▸ **Exercise**
Show each line of the records below where the word "ultimately" occurs.

(Saved data entries)
=== Begin Enclosure ===
(* If $\mathcal{S}\in\mathrm{Rep}$, then every formal extended multi-segment in $[\mathcal{S}]$ is an extended multi-segment.
   Context: Formal extended segment: $([A,B]_\rho,\mu)$ with $\rho$ irreducible self-dual supercuspidal of some $\mathrm{GL}_d(F)$ ($F$ $p$-adic), $A-B\in\mathbb{Z}_{\ge0}$, $\mu\in\mathbb{Z}$, $\mu\equiv b\pmod2$ with $b=A-B+1$, $a=A+B+1$; extended segment if moreover $|\mu|\le b$. A formal extended multi-segment $\mathcal{S}$: a finite set $C_{\mathcal{S}}$ of such $\rho$ and sequences $(([A_i^\rho,B_i^\rho]_\rho,\mu_i^\rho))_{i=1}^{n_\rho}$ of formal extended segments with: $A_i^\rho>A_j^\rho$ and $B_i^\rho>B_j^\rho$ imply $i>j$; $A_i^\rho+B_i^\rho\ge0$; $\bigoplus_{\rho,i}\rho\boxtimes S_{a_i^\rho}\boxtimes S_{b_i^\rho}$ is an Arthur parameter of good parity for some $G_n$ ($G_n$ split $\mathrm{SO}_{2n+1}(F)$ or $\mathrm{Sp}_{2n}(F)$); $\sum_\rho\sum_i(\lfloor\mu_i^\rho/2\rfloor+\mu_i^\rho\sum_{j<i}(b_j^\rho-1))\equiv0\pmod2$. Extended multi-segment: all entries are extended segments. Admissible: for each $\rho$ with some $B_i^\rho<0$, $B_i^\rho>B_j^\rho\Rightarrow i>j$. Condition (N): $|A_i^\rho-A_{i-1}^\rho|+|B_i^\rho-B_{i-1}^\rho|\ge|\mu_i^\rho-\mu_{i-1}^\rho|$ for all $\rho$, $1<i\le n_\rho$. Reorder $R_i^\rho$ (changing only positions $i,i+1$ of the $\rho$-sequence): if $[A_i,B_i]\subseteq[A_{i+1},B_{i+1}]$, replace by $([A_{i+1},B_{i+1}]_\rho,2\mu_i-\mu_{i+1}),([A_i,B_i]_\rho,\mu_i)$; if $[A_i,B_i]\supseteq[A_{i+1},B_{i+1}]$, replace by $([A_{i+1},B_{i+1}]_\rho,\mu_{i+1}),([A_i,B_i]_\rho,2\mu_{i+1}-\mu_i)$; if $A_{i+1}\ge A_i$, $B_{i+1}\ge B_i$, do nothing. $[\mathcal{S}]$ is the equivalence class generated by these operations. $\mathrm{Rep}$: admissible extended multi-segments $\mathcal{S}$ such that every element of $[\mathcal{S}]$ satisfies (N), and $|\hat\mu_i^\rho|\le a_i^\rho$ for all $i,\rho$, where $\hat\mu_i^\rho=\mu_i^\rho$ if $B_i^\rho\in\mathbb{Z}$ and $\mu_i^\rho-1$ otherwise. *)

theory Defs
  imports Complex_Main
begin

text \<open>A (formal) extended segment ([A,B]_rho, mu) is stored as a triple (A, B, mu);
  A and B are half-integers, represented as rationals.  A formal extended multi-segment
  is a function assigning to each supercuspidal rho (elements of an abstract type 'r)
  its sequence (a list, 0-indexed) of segments; C_S is its finite support.
  Each rho comes with data: its dimension d rho (rho a rep of GL_d), whether it is of
  symplectic type (sympl rho; otherwise orthogonal), and its determinant character
  detc rho (an element of an abstract commutative monoid of characters).\<close>

type_synonym seg = "rat \<times> rat \<times> int"

definition segA :: "seg \<Rightarrow> rat" where "segA s = fst s"
definition segB :: "seg \<Rightarrow> rat" where "segB s = fst (snd s)"
definition segmu :: "seg \<Rightarrow> int" where "segmu s = snd (snd s)"

definition seg_b :: "seg \<Rightarrow> int" where "seg_b s = \<lfloor>segA s - segB s\<rfloor> + 1"
definition seg_a :: "seg \<Rightarrow> rat" where "seg_a s = segA s + segB s + 1"

definition formal_ext_seg :: "seg \<Rightarrow> bool" where
  "formal_ext_seg s \<longleftrightarrow> 2 * segB s \<in> \<int> \<and> segA s - segB s \<in> \<int> \<and> segB s \<le> segA s
     \<and> segmu s mod 2 = seg_b s mod 2"

definition ext_seg :: "seg \<Rightarrow> bool" where
  "ext_seg s \<longleftrightarrow> formal_ext_seg s \<and> \<bar>segmu s\<bar> \<le> seg_b s"

definition supp_ms :: "('r \<Rightarrow> seg list) \<Rightarrow> 'r set" where
  "supp_ms S = {\<rho>. S \<rho> \<noteq> []}"

datatype classical_group = SO_odd | Sp_even

text \<open>sum over rho, i of  rho (x) S_a (x) S_b  is an Arthur parameter of good parity for
  G_n (G_n = SO_(2n+1) with dual Sp_(2n)(C), or G_n = Sp_(2n) with dual SO_(2n+1)(C)).
  S_k has sign (-1)^(k-1), so rho (x) S_a (x) S_b is symplectic iff
  (rho symplectic <-> a+b even).\<close>
definition good_parity_AP ::
  "('r \<Rightarrow> nat) \<Rightarrow> ('r \<Rightarrow> bool) \<Rightarrow> ('r \<Rightarrow> 'c::comm_monoid_mult) \<Rightarrow> classical_group \<Rightarrow> nat
    \<Rightarrow> ('r \<Rightarrow> seg list) \<Rightarrow> bool" where
  "good_parity_AP d sympl detc G n S \<longleftrightarrow>
     (\<forall>\<rho>. \<forall>s\<in>set (S \<rho>). seg_a s \<in> \<int> \<and> 1 \<le> seg_a s \<and>
         ((sympl \<rho> \<longleftrightarrow> even (\<lfloor>seg_a s\<rfloor> + seg_b s)) \<longleftrightarrow> G = SO_odd))
   \<and> (\<Sum>\<rho>\<in>supp_ms S. \<Sum>s\<leftarrow>S \<rho>. int (d \<rho>) * \<lfloor>seg_a s\<rfloor> * seg_b s)
       = (if G = SO_odd then 2 * int n else 2 * int n + 1)
   \<and> (G = Sp_even \<longrightarrow>
       (\<Prod>\<rho>\<in>supp_ms S. \<Prod>s\<leftarrow>S \<rho>. detc \<rho> ^ nat (\<lfloor>seg_a s\<rfloor> * seg_b s)) = 1)"

definition parity_sum :: "('r \<Rightarrow> seg list) \<Rightarrow> int" where
  "parity_sum S = (\<Sum>\<rho>\<in>supp_ms S. \<Sum>i<length (S \<rho>).
      segmu (S \<rho> ! i) div 2 + segmu (S \<rho> ! i) * (\<Sum>j<i. seg_b (S \<rho> ! j) - 1))"

definition formal_ext_ms ::
  "('r \<Rightarrow> nat) \<Rightarrow> ('r \<Rightarrow> bool) \<Rightarrow> ('r \<Rightarrow> 'c::comm_monoid_mult) \<Rightarrow> ('r \<Rightarrow> seg list) \<Rightarrow> bool" where
  "formal_ext_ms d sympl detc S \<longleftrightarrow>
     finite (supp_ms S)
   \<and> (\<forall>\<rho>. \<forall>s\<in>set (S \<rho>). formal_ext_seg s)
   \<and> (\<forall>\<rho> i j. i < length (S \<rho>) \<and> j < length (S \<rho>)
        \<and> segA (S \<rho> ! i) > segA (S \<rho> ! j) \<and> segB (S \<rho> ! i) > segB (S \<rho> ! j) \<longrightarrow> i > j)
   \<and> (\<forall>\<rho>. \<forall>s\<in>set (S \<rho>). 0 \<le> segA s + segB s)
   \<and> (\<exists>G n. good_parity_AP d sympl detc G n S)
   \<and> even (parity_sum S)"

definition ext_ms ::
  "('r \<Rightarrow> nat) \<Rightarrow> ('r \<Rightarrow> bool) \<Rightarrow> ('r \<Rightarrow> 'c::comm_monoid_mult) \<Rightarrow> ('r \<Rightarrow> seg list) \<Rightarrow> bool" where
  "ext_ms d sympl detc S \<longleftrightarrow> formal_ext_ms d sympl detc S \<and> (\<forall>\<rho>. \<forall>s\<in>set (S \<rho>). ext_seg s)"

definition admissible :: "('r \<Rightarrow> seg list) \<Rightarrow> bool" where
  "admissible S \<longleftrightarrow> (\<forall>\<rho>. (\<exists>s\<in>set (S \<rho>). segB s < 0) \<longrightarrow>
      (\<forall>i j. i < length (S \<rho>) \<and> j < length (S \<rho>) \<and> segB (S \<rho> ! i) > segB (S \<rho> ! j) \<longrightarrow> i > j))"

definition cond_N :: "('r \<Rightarrow> seg list) \<Rightarrow> bool" where
  "cond_N S \<longleftrightarrow> (\<forall>\<rho> i. 0 < i \<and> i < length (S \<rho>) \<longrightarrow>
      rat_of_int \<bar>segmu (S \<rho> ! i) - segmu (S \<rho> ! (i - 1))\<bar>
        \<le> \<bar>segA (S \<rho> ! i) - segA (S \<rho> ! (i - 1))\<bar> + \<bar>segB (S \<rho> ! i) - segB (S \<rho> ! (i - 1))\<bar>)"

text \<open>The operation R_i on the pair of consecutive segments (s, t) = (position i, i+1);
  cases are tried in the order of the paper; None = R_i not defined.\<close>
definition reorder_pair :: "seg \<Rightarrow> seg \<Rightarrow> (seg \<times> seg) option" where
  "reorder_pair s t =
    (if segB t \<le> segB s \<and> segA s \<le> segA t
       then Some ((segA t, segB t, 2 * segmu s - segmu t), s)
     else if segB s \<le> segB t \<and> segA t \<le> segA s
       then Some (t, (segA s, segB s, 2 * segmu t - segmu s))
     else if segA s \<le> segA t \<and> segB s \<le> segB t
       then Some (s, t)
     else None)"

definition reorder_step :: "('r \<Rightarrow> seg list) \<Rightarrow> ('r \<Rightarrow> seg list) \<Rightarrow> bool" where
  "reorder_step S S' \<longleftrightarrow> (\<exists>\<rho> i x y. Suc i < length (S \<rho>)
      \<and> reorder_pair (S \<rho> ! i) (S \<rho> ! Suc i) = Some (x, y)
      \<and> S' = S(\<rho> := (S \<rho>)[i := x, Suc i := y]))"

definition ms_equiv :: "('r \<Rightarrow> seg list) \<Rightarrow> ('r \<Rightarrow> seg list) \<Rightarrow> bool" where
  "ms_equiv = (\<lambda>S S'. reorder_step S S' \<or> reorder_step S' S)\<^sup>*\<^sup>*"

definition mu_hat :: "seg \<Rightarrow> int" where
  "mu_hat s = (if segB s \<in> \<int> then segmu s else segmu s - 1)"

definition in_Rep ::
  "('r \<Rightarrow> nat) \<Rightarrow> ('r \<Rightarrow> bool) \<Rightarrow> ('r \<Rightarrow> 'c::comm_monoid_mult) \<Rightarrow> ('r \<Rightarrow> seg list) \<Rightarrow> bool" where
  "in_Rep d sympl detc S \<longleftrightarrow> admissible S \<and> ext_ms d sympl detc S
     \<and> (\<forall>S'. ms_equiv S S' \<longrightarrow> cond_N S')
     \<and> (\<forall>\<rho>. \<forall>s\<in>set (S \<rho>). rat_of_int \<bar>mu_hat s\<bar> \<le> seg_a s)"

end

theory Submission
  imports Defs
begin

text \<open>The bound \<open>|\<mu>| \<le> b\<close> is invariant under each reordering \<open>R\<^sub>i\<close> as long as (N) holds
  at the pair being reordered. In the nested case \<open>[A\<^sub>s,B\<^sub>s] \<subseteq> [A\<^sub>t,B\<^sub>t]\<close> condition (N)
  reads \<open>|\<mu>\<^sub>t - \<mu>\<^sub>s| \<le> b\<^sub>t - b\<^sub>s\<close>, so with \<open>|\<mu>\<^sub>s| \<le> b\<^sub>s\<close> both \<open>|\<mu>\<^sub>t| \<le> b\<^sub>t\<close> and
  \<open>|2\<mu>\<^sub>s - \<mu>\<^sub>t| \<le> b\<^sub>t\<close> hold, i.e. the bound holds before the move iff it holds after it.
  Since every member of \<open>[S]\<close> satisfies (N), the bound travels along any chain of
  reorderings and their inverses starting at \<open>S\<close>.\<close>

definition mu_bounded :: "seg \<Rightarrow> bool" where
  "mu_bounded s \<longleftrightarrow> \<bar>segmu s\<bar> \<le> seg_b s"

definition ms_mu_bounded :: "('r \<Rightarrow> seg list) \<Rightarrow> bool" where
  "ms_mu_bounded S \<longleftrightarrow> (\<forall>\<rho>. list_all mu_bounded (S \<rho>))"

lemma ext_ms_iff_formal_and_mu_bounded:
  "ext_ms d sympl detc S \<longleftrightarrow> formal_ext_ms d sympl detc S \<and> ms_mu_bounded S"
  by (auto simp: ext_ms_def formal_ext_ms_def ext_seg_def ms_mu_bounded_def mu_bounded_def
      list_all_iff)

lemma floor_diff_ge:
  fixes x y :: "'a::floor_ceiling"
  assumes "of_int k \<le> x - y"
  shows "k \<le> \<lfloor>x\<rfloor> - \<lfloor>y\<rfloor>"
proof -
  have "k \<le> \<lfloor>x - y\<rfloor>" using assms by (simp add: le_floor_iff)
  moreover have "\<lfloor>x - y\<rfloor> + \<lfloor>y\<rfloor> \<le> \<lfloor>x\<rfloor>" using le_floor_add[of "x - y" y] by simp
  ultimately show ?thesis by linarith
qed

lemma cond_N_pair_nested:
  assumes "segB t \<le> segB s" "segA s \<le> segA t"
    and "rat_of_int \<bar>segmu t - segmu s\<bar> \<le> \<bar>segA t - segA s\<bar> + \<bar>segB t - segB s\<bar>"
  shows "\<bar>segmu t - segmu s\<bar> \<le> seg_b t - seg_b s"
proof -
  have "rat_of_int \<bar>segmu t - segmu s\<bar> \<le> (segA t - segB t) - (segA s - segB s)"
    using assms by simp
  from floor_diff_ge[OF this] show ?thesis by (simp add: seg_b_def)
qed

lemma mu_bounded_reflect_nested:
  assumes "segB t \<le> segB s" "segA s \<le> segA t"
    and "rat_of_int \<bar>segmu t - segmu s\<bar> \<le> \<bar>segA t - segA s\<bar> + \<bar>segB t - segB s\<bar>"
  shows "mu_bounded s \<and> mu_bounded t \<longleftrightarrow>
    mu_bounded s \<and> mu_bounded (segA t, segB t, 2 * segmu s - segmu t)"
proof -
  have "\<bar>segmu t - segmu s\<bar> \<le> seg_b t - seg_b s" using cond_N_pair_nested assms .
  moreover have "seg_b (segA t, segB t, m) = seg_b t" for m
    by (simp add: seg_b_def segA_def segB_def)
  ultimately show ?thesis by (auto simp: mu_bounded_def segmu_def)
qed

lemma mu_bounded_reorder_pair_iff:
  assumes pair: "reorder_pair s t = Some (x, y)"
    and N: "rat_of_int \<bar>segmu t - segmu s\<bar> \<le> \<bar>segA t - segA s\<bar> + \<bar>segB t - segB s\<bar>"
  shows "mu_bounded s \<and> mu_bounded t \<longleftrightarrow> mu_bounded x \<and> mu_bounded y"
proof -
  consider (s_in_t) "segB t \<le> segB s \<and> segA s \<le> segA t"
    | (t_in_s) "\<not> (segB t \<le> segB s \<and> segA s \<le> segA t)" "segB s \<le> segB t \<and> segA t \<le> segA s"
    | (ordered) "x = s" "y = t"
    using pair by (auto simp: reorder_pair_def split: if_splits)
  then show ?thesis
  proof cases
    case s_in_t
    then have "x = (segA t, segB t, 2 * segmu s - segmu t)" "y = s"
      using pair by (auto simp: reorder_pair_def)
    with s_in_t show ?thesis using mu_bounded_reflect_nested N by blast
  next
    case t_in_s
    then have "x = t" "y = (segA s, segB s, 2 * segmu t - segmu s)"
      using pair by (auto simp: reorder_pair_def)
    moreover have "rat_of_int \<bar>segmu s - segmu t\<bar> \<le> \<bar>segA s - segA t\<bar> + \<bar>segB s - segB t\<bar>"
      using N by (simp add: abs_minus_commute)
    ultimately show ?thesis using t_in_s mu_bounded_reflect_nested by blast
  qed simp
qed

lemma list_all_update_pair_iff:
  assumes "Suc i < length xs" and "P (xs ! i) \<and> P (xs ! Suc i) \<longleftrightarrow> P x \<and> P y"
  shows "list_all P (xs[i := x, Suc i := y]) \<longleftrightarrow> list_all P xs"
proof -
  define us vs where "us = take i xs" and "vs = drop (Suc (Suc i)) xs"
  have us: "length us = i" using assms(1) by (simp add: us_def)
  have xs: "xs = us @ xs ! i # xs ! Suc i # vs"
    using assms(1) unfolding us_def vs_def
    by (metis Cons_nth_drop_Suc Suc_lessD append_take_drop_id)
  have "xs[i := x, Suc i := y] = us @ x # y # vs"
    by (subst xs) (simp add: us list_update_append)
  then show ?thesis using assms(2) by (subst (2) xs) auto
qed

lemma ms_mu_bounded_reorder_step_iff:
  assumes step: "reorder_step S S'" and N: "cond_N S"
  shows "ms_mu_bounded S' \<longleftrightarrow> ms_mu_bounded S"
proof -
  obtain \<rho> i x y where i: "Suc i < length (S \<rho>)"
    and pair: "reorder_pair (S \<rho> ! i) (S \<rho> ! Suc i) = Some (x, y)"
    and S': "S' = S(\<rho> := (S \<rho>)[i := x, Suc i := y])"
    using step unfolding reorder_step_def by blast
  have "rat_of_int \<bar>segmu (S \<rho> ! Suc i) - segmu (S \<rho> ! i)\<bar>
      \<le> \<bar>segA (S \<rho> ! Suc i) - segA (S \<rho> ! i)\<bar> + \<bar>segB (S \<rho> ! Suc i) - segB (S \<rho> ! i)\<bar>"
    using N i unfolding cond_N_def by (metis diff_Suc_1 zero_less_Suc)
  from mu_bounded_reorder_pair_iff[OF pair this]
  have "list_all mu_bounded (S' \<rho>) \<longleftrightarrow> list_all mu_bounded (S \<rho>)"
    using list_all_update_pair_iff[OF i] S' by simp
  then show ?thesis using S' unfolding ms_mu_bounded_def by (metis fun_upd_other)
qed

lemma ms_mu_bounded_ms_equiv:
  assumes "ms_equiv S S'" and "\<And>X. ms_equiv S X \<Longrightarrow> cond_N X" and "ms_mu_bounded S"
  shows "ms_mu_bounded S'"
  using assms(1) unfolding ms_equiv_def
proof (induction rule: rtranclp_induct)
  case base
  show ?case using assms(3) .
next
  case (step X Y)
  have "cond_N X" "cond_N Y"
    using step.hyps assms(2) unfolding ms_equiv_def by (auto intro: rtranclp.rtrancl_into_rtrancl)
  with step.hyps(2) step.IH show ?case using ms_mu_bounded_reorder_step_iff by blast
qed

theorem proposition3p4:
  fixes d :: "'r \<Rightarrow> nat" and sympl :: "'r \<Rightarrow> bool" and detc :: "'r \<Rightarrow> 'c::comm_monoid_mult"
    and S S' :: "'r \<Rightarrow> seg list"
  assumes "in_Rep d sympl detc S"
    and "ms_equiv S S'"
    and "formal_ext_ms d sympl detc S'"
  shows "ext_ms d sympl detc S'"
proof -
  have "ms_mu_bounded S"
    using assms(1) by (simp add: in_Rep_def ext_ms_iff_formal_and_mu_bounded)
  moreover have "\<And>X. ms_equiv S X \<Longrightarrow> cond_N X"
    using assms(1) by (simp add: in_Rep_def)
  ultimately have "ms_mu_bounded S'" using ms_mu_bounded_ms_equiv assms(2) by blast
  with assms(3) show ?thesis by (simp add: ext_ms_iff_formal_and_mu_bounded)
qed

end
=== End Enclosure ===
▸ **Written solution**
  ultimately show ?thesis by linarith
  ultimately show ?thesis by (auto simp: mu_bounded_def segmu_def)
    ultimately show ?thesis using t_in_s mu_bounded_reflect_nested by blast
  ultimately have "ms_mu_bounded S'" using ms_mu_bounded_ms_equiv assms(2) by blast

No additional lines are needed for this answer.